7 Benefits of Adho Mukha Svanasana

1. Adho Mukha Svanasana is helpful to tone the muscles while engaging your core at the same time. This asana is helpful to tone the lower abdomen muscles, which further help to reduce the excessive fat from your lower abdomen area. 

2. Adho Mukha Svanasana helps to strengthen your bones, and this is also a weight-bearing exercise. This asana helps to prevent osteoporosis because when you practise this asana it will increase your upper body strength and this also includes your shoulders. 

3. When you stretch your calves and hamstrings muscles while practising this asana, this will not only strengthen your legs but also good for your spine. This asana helps to open the back of your legs and helps to stretch those back legs muscles. 

4. When you practise this asana and hold an inverted v position, this will improve your blood circulation because your heart is above your head. This asana also helps to increase your focus and energy. If you practise this yoga asana on a daily basis, this will help you to relieve some tension in the neck and you feel energetic. 

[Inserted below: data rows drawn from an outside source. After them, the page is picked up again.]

lemma range_zs_mult_cnj: "range (zs_mult (zs_cnj s)) = zs_cnj ` range (zs_mult s)"
proof (intro equalityI subsetI)
  fix u assume "u \<in> range (zs_mult (zs_cnj s))"
  then obtain w where "u = zs_mult (zs_cnj s) w"
    by (rule rangeE)
  then have "u = zs_cnj (zs_mult s (zs_cnj w))"
    by (simp add: zs_cnj_mult)
  then show "u \<in> zs_cnj ` range (zs_mult s)"
    by blast
next
  fix u assume "u \<in> zs_cnj ` range (zs_mult s)"
  then obtain w where "u = zs_cnj (zs_mult s w)"
    by blast
  then show "u \<in> range (zs_mult (zs_cnj s))"
    by (simp add: zs_cnj_mult)
qed

lemma three_le_abs_sq_minus_double_sq:
  fixes x y :: int
  assumes "x * y < 0" and "0 < (x + 2 * y) * (x + y)"
  shows "3 \<le> \<bar>x\<^sup>2 - 2 * y\<^sup>2\<bar>"
proof -
  have *: "3 \<le> \<bar>x\<^sup>2 - 2 * y\<^sup>2\<bar>"
    if "x * y < 0" "0 < (x + 2 * y) * (x + y)" "0 < y" for x y :: int
  proof -
    have x_neg: "x < 0"
      using that by (simp add: mult_less_0_iff)
    from that(2) consider "0 < x + y" | "x + 2 * y < 0"
      by (auto simp: zero_less_mult_iff)
    then show ?thesis
    proof cases
      case 1
      have "(- x)\<^sup>2 \<le> (y - 1)\<^sup>2"
        using 1 x_neg by (intro power_mono) auto
      then have "x\<^sup>2 \<le> y\<^sup>2 - 2 * y + 1"
        by (simp add: power2_diff)
      moreover have "2 * y \<le> y\<^sup>2"
        using 1 x_neg by (simp add: power2_eq_square)
      ultimately show ?thesis
        using that(3) abs_ge_minus_self[of "x\<^sup>2 - 2 * y\<^sup>2"] by linarith
    next
      case 2
      have "(2 * y + 1)\<^sup>2 \<le> (- x)\<^sup>2"
        using 2 that(3) by (intro power_mono) auto
      then have "4 * y\<^sup>2 + 4 * y + 1 \<le> x\<^sup>2"
        by (simp add: power2_sum power_mult_distrib)
      then show ?thesis
        using that(3) zero_le_power2[of y] abs_ge_self[of "x\<^sup>2 - 2 * y\<^sup>2"] by linarith
    qed
  qed
  show ?thesis
  proof (cases "0 < y")
    case False
    then show ?thesis
      using *[of "- x" "- y"] assms by (simp add: algebra_simps mult_less_0_iff)
  qed (use * assms in blast)
qed

lemma zs_quad_mult_ge_min:
  fixes a b :: int
  assumes "0 < b" and "2 * b \<le> a" and "w \<noteq> (0, 0)"
  shows "min (zs_quad (a, b)) (zs_quad (zs_mult (a, b) (-1, 1))) \<le> zs_quad (zs_mult (a, b) w)"
proof -
  obtain x y where w: "w = (x, y)"
    by force
  consider "0 \<le> x * y" | "x * y < 0" "(x + 2 * y) * (x + y) \<le> 0"
    | "x * y < 0" "0 < (x + 2 * y) * (x + y)"
    by linarith
  then show ?thesis
  proof cases
    case 1
    then have "zs_quad (a, b) \<le> zs_quad (zs_mult (a, b) w)"
      using assms by (intro zs_quad_le_mult) (simp_all add: w)
    then show ?thesis
      by (simp add: min_le_iff_disj)
  next
    case 2
    have "zs_mult (a, b) w = zs_mult (zs_mult (a, b) (-1, 1)) (x + 2 * y, x + y)"
      by (simp add: w zs_mult_def algebra_simps)
    moreover have "zs_quad (zs_mult (a, b) (-1, 1))
        \<le> zs_quad (zs_mult (zs_mult (a, b) (-1, 1)) (x + 2 * y, x + y))"
    proof (rule zs_quad_le_mult)
      have "(2 * b - a) * (a - b) \<le> 0"
        using assms by (intro mult_nonpos_nonneg) auto
      then show "0 \<le> fst (zs_mult (a, b) (-1, 1)) * snd (zs_mult (a, b) (-1, 1))
          * (fst (x + 2 * y, x + y) * snd (x + 2 * y, x + y))"
        using 2 by (simp add: zs_mult_def mult_nonpos_nonpos)
      show "(x + 2 * y, x + y) \<noteq> (0, 0)"
      proof
        assume "(x + 2 * y, x + y) = (0, 0)"
        then have "y = 0"
          by simp
        with 2(1) show False
          by simp
      qed
    qed
    ultimately show ?thesis
      by (simp add: min_le_iff_disj)
  next
    case 3
    have "(2 * b)\<^sup>2 \<le> a\<^sup>2"
      using assms by (intro power_mono) auto
    then have "4 * b\<^sup>2 \<le> a\<^sup>2"
      by (simp add: power_mult_distrib)
    moreover have "0 < b\<^sup>2"
      using assms(1) by simp
    ultimately have norm_pos: "0 < zs_norm (a, b)"
      unfolding zs_norm_def fst_conv snd_conv by linarith
    have "zs_quad (a, b) \<le> 3 * zs_norm (a, b)"
      using \<open>4 * b\<^sup>2 \<le> a\<^sup>2\<close> by (simp add: zs_quad_def zs_norm_def)
    also have "3 * zs_norm (a, b) \<le> \<bar>zs_norm w\<bar> * zs_norm (a, b)"
      using three_le_abs_sq_minus_double_sq[OF 3] norm_pos
      by (intro mult_right_mono) (simp_all add: w zs_norm_def)
    also have "\<dots> = \<bar>zs_norm (zs_mult (a, b) w)\<bar>"
      using norm_pos by (simp add: zs_norm_mult abs_mult)
    also have "\<dots> \<le> zs_quad (zs_mult (a, b) w)"
      by (rule abs_zs_norm_le_zs_quad)
    finally show ?thesis
      by (simp add: min_le_iff_disj)
  qed
qed

lemma lambda1_eqI:
  assumes "u0 \<in> I" and "u0 \<noteq> (0, 0)" and "zs_quad u0 = m"
    and "\<And>u. u \<in> I \<Longrightarrow> u \<noteq> (0, 0) \<Longrightarrow> m \<le> zs_quad u"
  shows "lambda1 I = sqrt (2 * of_int m)"
  unfolding lambda1_def
proof (rule cInf_eq_minimum)
  have "sqrt (2 * of_int m) = emb_norm u0"
    by (simp add: emb_norm_eq_sqrt_zs_quad assms(3))
  then show "sqrt (2 * of_int m) \<in> {emb_norm u |u. u \<in> I \<and> u \<noteq> (0, 0)}"
    using assms(1,2) by blast
next
  fix x assume "x \<in> {emb_norm u |u. u \<in> I \<and> u \<noteq> (0, 0)}"
  then show "sqrt (2 * of_int m) \<le> x"
    using assms(4) by (auto simp: emb_norm_eq_sqrt_zs_quad)
qed

lemma lambda1_principal:
  fixes a b :: int
  assumes "0 < b" and "2 * b \<le> a"
  shows "lambda1 (range (zs_mult (a, b)))
    = sqrt (2 * of_int (min (zs_quad (a, b)) (zs_quad (zs_mult (a, b) (-1, 1)))))"
proof -
  have lower: "min (zs_quad (a, b)) (zs_quad (zs_mult (a, b) (-1, 1))) \<le> zs_quad u"
    if u_mem: "u \<in> range (zs_mult (a, b))" and u_nz: "u \<noteq> (0, 0)" for u
  proof -
    obtain w where u: "u = zs_mult (a, b) w"
      using u_mem by blast
    then have "w \<noteq> (0, 0)"
      using u_nz by (auto simp: zs_mult_def)
    then show ?thesis
      unfolding u by (rule zs_quad_mult_ge_min[OF assms])
  qed
  show ?thesis
  proof (cases "zs_quad (a, b) \<le> zs_quad (zs_mult (a, b) (-1, 1))")
    case True
    have "(a, b) = zs_mult (a, b) (1, 0)"
      by (simp add: zs_mult_def)
    then have "(a, b) \<in> range (zs_mult (a, b))"
      by (metis rangeI)
    with True show ?thesis
      using assms(1) lower by (intro lambda1_eqI[of "(a, b)"]) (simp_all add: min_def)
  next
    case False
    have "zs_mult (a, b) (-1, 1) \<noteq> (0, 0)"
      using assms by (simp add: zs_mult_def)
    with False show ?thesis
      using lower by (intro lambda1_eqI[of "zs_mult (a, b) (-1, 1)"]) (simp_all add: min_def)
  qed
qed

lemma lambda1_cnj_image: "lambda1 (zs_cnj ` I) = lambda1 I"
proof -
  have "{emb_norm u |u. u \<in> zs_cnj ` I \<and> u \<noteq> (0, 0)}
      = {emb_norm (zs_cnj v) |v. v \<in> I \<and> zs_cnj v \<noteq> (0, 0)}"
    by blast
  then show ?thesis
    by (simp add: lambda1_def)
qed

lemma sqrt_2_min_zs_quad_eq:
  fixes a b p :: int
  assumes "0 < b" and "a\<^sup>2 - 2 * b\<^sup>2 = p"
  shows "sqrt (2 * of_int (min (zs_quad (a, b)) (zs_quad (zs_mult (a, b) (-1, 1)))))
    = sqrt 2 * min (sqrt (2 * (of_int a)\<^sup>2 - of_int p))
        (sqrt (6 * (of_int a)\<^sup>2 - 4 * sqrt 2 * of_int a * sqrt ((of_int a)\<^sup>2 - of_int p) - 3 * of_int p))"
proof -
  have "(of_int a)\<^sup>2 - of_int p = (sqrt 2 * of_int b)\<^sup>2"
    by (simp add: power_mult_distrib flip: assms(2))
  then have sqrt_eq: "sqrt ((of_int a)\<^sup>2 - of_int p) = sqrt 2 * of_int b"
    using assms(1) by simp
  have "real_of_int (zs_quad (a, b)) = 2 * (of_int a)\<^sup>2 - of_int p"
    by (simp add: zs_quad_def flip: assms(2))
  moreover have "real_of_int (zs_quad (zs_mult (a, b) (-1, 1)))
      = 6 * (of_int a)\<^sup>2 - 4 * sqrt 2 * of_int a * (sqrt 2 * of_int b) - 3 * of_int p"
    by (simp add: zs_quad_def zs_mult_def power2_eq_square algebra_simps flip: assms(2))
  moreover have "sqrt (min x y) = min (sqrt x) (sqrt y)" for x y
    by (simp add: min_def)
  ultimately show ?thesis
    unfolding sqrt_eq of_int_min by (simp add: real_sqrt_mult)
qed

lemma a_min_solution:
  fixes p :: int
  assumes "prime p" and "p mod 8 = 1 \<or> p mod 8 = 7"
  shows "\<exists>b > 0. (a_min p)\<^sup>2 - 2 * b\<^sup>2 = p \<and> 2 * b \<le> a_min p"
proof -
  obtain a0 b0 where sol: "0 < a0" "0 < b0" "a0\<^sup>2 - 2 * b0\<^sup>2 = p"
    using prime_eq_sq_minus_double_sq[OF assms] by blast
  obtain b where b: "0 < b" "(a_min p)\<^sup>2 - 2 * b\<^sup>2 = p"
    using a_min_spec(2)[OF sol] by blast
  have "2 * b \<le> a_min p"
    using minimal_solution_ge_double[OF assms(1) a_min_spec(1)[OF sol] b] a_min_spec(3) by blast
  with b show ?thesis
    by blast
qed

lemma lambda1_prime_ideal_eq:
  assumes P: "zs_prime_ideal P" and over: "lies_over P p" and "p \<noteq> 0"
    and ab: "a\<^sup>2 - 2 * b\<^sup>2 = p"
  shows "lambda1 P = lambda1 (range (zs_mult (a, b)))"
proof -
  have ideal: "zs_ideal P"
    using P by (simp add: zs_prime_ideal_def)
  have "zs_norm (a, b) = p"
    using ab by (simp add: zs_norm_def)
  then have norm: "zs_norm (a, b) = p" "zs_norm (zs_cnj (a, b)) = p"
    by simp_all
  have "zs_mult (a, b) (zs_cnj (a, b)) \<in> P"
    using lies_over_mem_iff[OF over] by (simp add: zs_mult_cnj_self norm)
  then consider "(a, b) \<in> P" | "zs_cnj (a, b) \<in> P"
    using P unfolding zs_prime_ideal_def by blast
  then show ?thesis
  proof cases
    case 1
    then show ?thesis
      using zs_ideal_eq_principal[OF ideal over 1 norm(1) \<open>p \<noteq> 0\<close>] by simp
  next
    case 2
    then have "P = zs_cnj ` range (zs_mult (a, b))"
      using zs_ideal_eq_principal[OF ideal over 2 norm(2) \<open>p \<noteq> 0\<close>] by (simp only: range_zs_mult_cnj)
    then show ?thesis
      by (simp add: lambda1_cnj_image)
  qed
qed

theorem theorem7:
  fixes p :: int and P :: "zsqrt2 set"
  assumes "prime p"
    and "p mod 8 = 1 \<or> p mod 8 = 7"
    and "zs_prime_ideal P"
    and "lies_over P p"
  shows "lambda1 P = sqrt 2 * min (sqrt (2 * (of_int (a_min p))\<^sup>2 - of_int p))
           (sqrt (6 * (of_int (a_min p))\<^sup>2 - 4 * sqrt 2 * of_int (a_min p)
                    * sqrt ((of_int (a_min p))\<^sup>2 - of_int p) - 3 * of_int p))"
proof -
  obtain b where b: "0 < b" "(a_min p)\<^sup>2 - 2 * b\<^sup>2 = p" "2 * b \<le> a_min p"
    using a_min_solution[OF assms(1,2)] by blast
  have "p \<noteq> 0"
    using assms(1) by auto
  have "lambda1 P = lambda1 (range (zs_mult (a_min p, b)))"
    using lambda1_prime_ideal_eq[OF assms(3,4) \<open>p \<noteq> 0\<close> b(2)] .
  also have "\<dots> = sqrt (2 * of_int (min (zs_quad (a_min p, b)) (zs_quad (zs_mult (a_min p, b) (-1, 1)))))"
    using lambda1_principal[OF b(1,3)] .
  also have "\<dots> = sqrt 2 * min (sqrt (2 * (of_int (a_min p))\<^sup>2 - of_int p))
           (sqrt (6 * (of_int (a_min p))\<^sup>2 - 4 * sqrt 2 * of_int (a_min p)
                    * sqrt ((of_int (a_min p))\<^sup>2 - of_int p) - 3 * of_int p))"
    using sqrt_2_min_zs_quad_eq[OF b(1,2)] .
  finally show ?thesis .
qed

end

5. If you want to increase the strength of your upper body and especially your arms, then this asana is helpful to do so. When you practise this asana, you are pressing your arms against the ground which helps to engage all those arm’s muscles, and this helps to strengthen the arms.

If you practise this asana regularly, you will be able to tone and strengthen your arms without lifting dumbbells. 

6. Some people have a really bad posture and bad body posture leads to a lot of problems. When you practise Adho Mukha Svanasana, this help to improve and correct your body posture especially some slumpy postures. This asana also helps to lengthen your spine and open your shoulders and bring ease to the neck and back pain problem. 

7. When it comes to relaxing back muscles and preventing back pain problem, this asana works amazingly. When you practise Adho Mukha Svanasana, you give a proper stretch to your back muscles and this boost the oxygen supply to the various parts of your body. So, this enhances the functioning of your system. 

Now, when you start with yoga asanas, remember what are the things you need to keep in mind? And what you will get out of it? When you exactly know the benefits, you do it more keenly and correctly. 

It is advisable to first ask your doctor and a yoga expert if you are suffering from any health issues, (especially if it’s related to back) and only then practise this asana.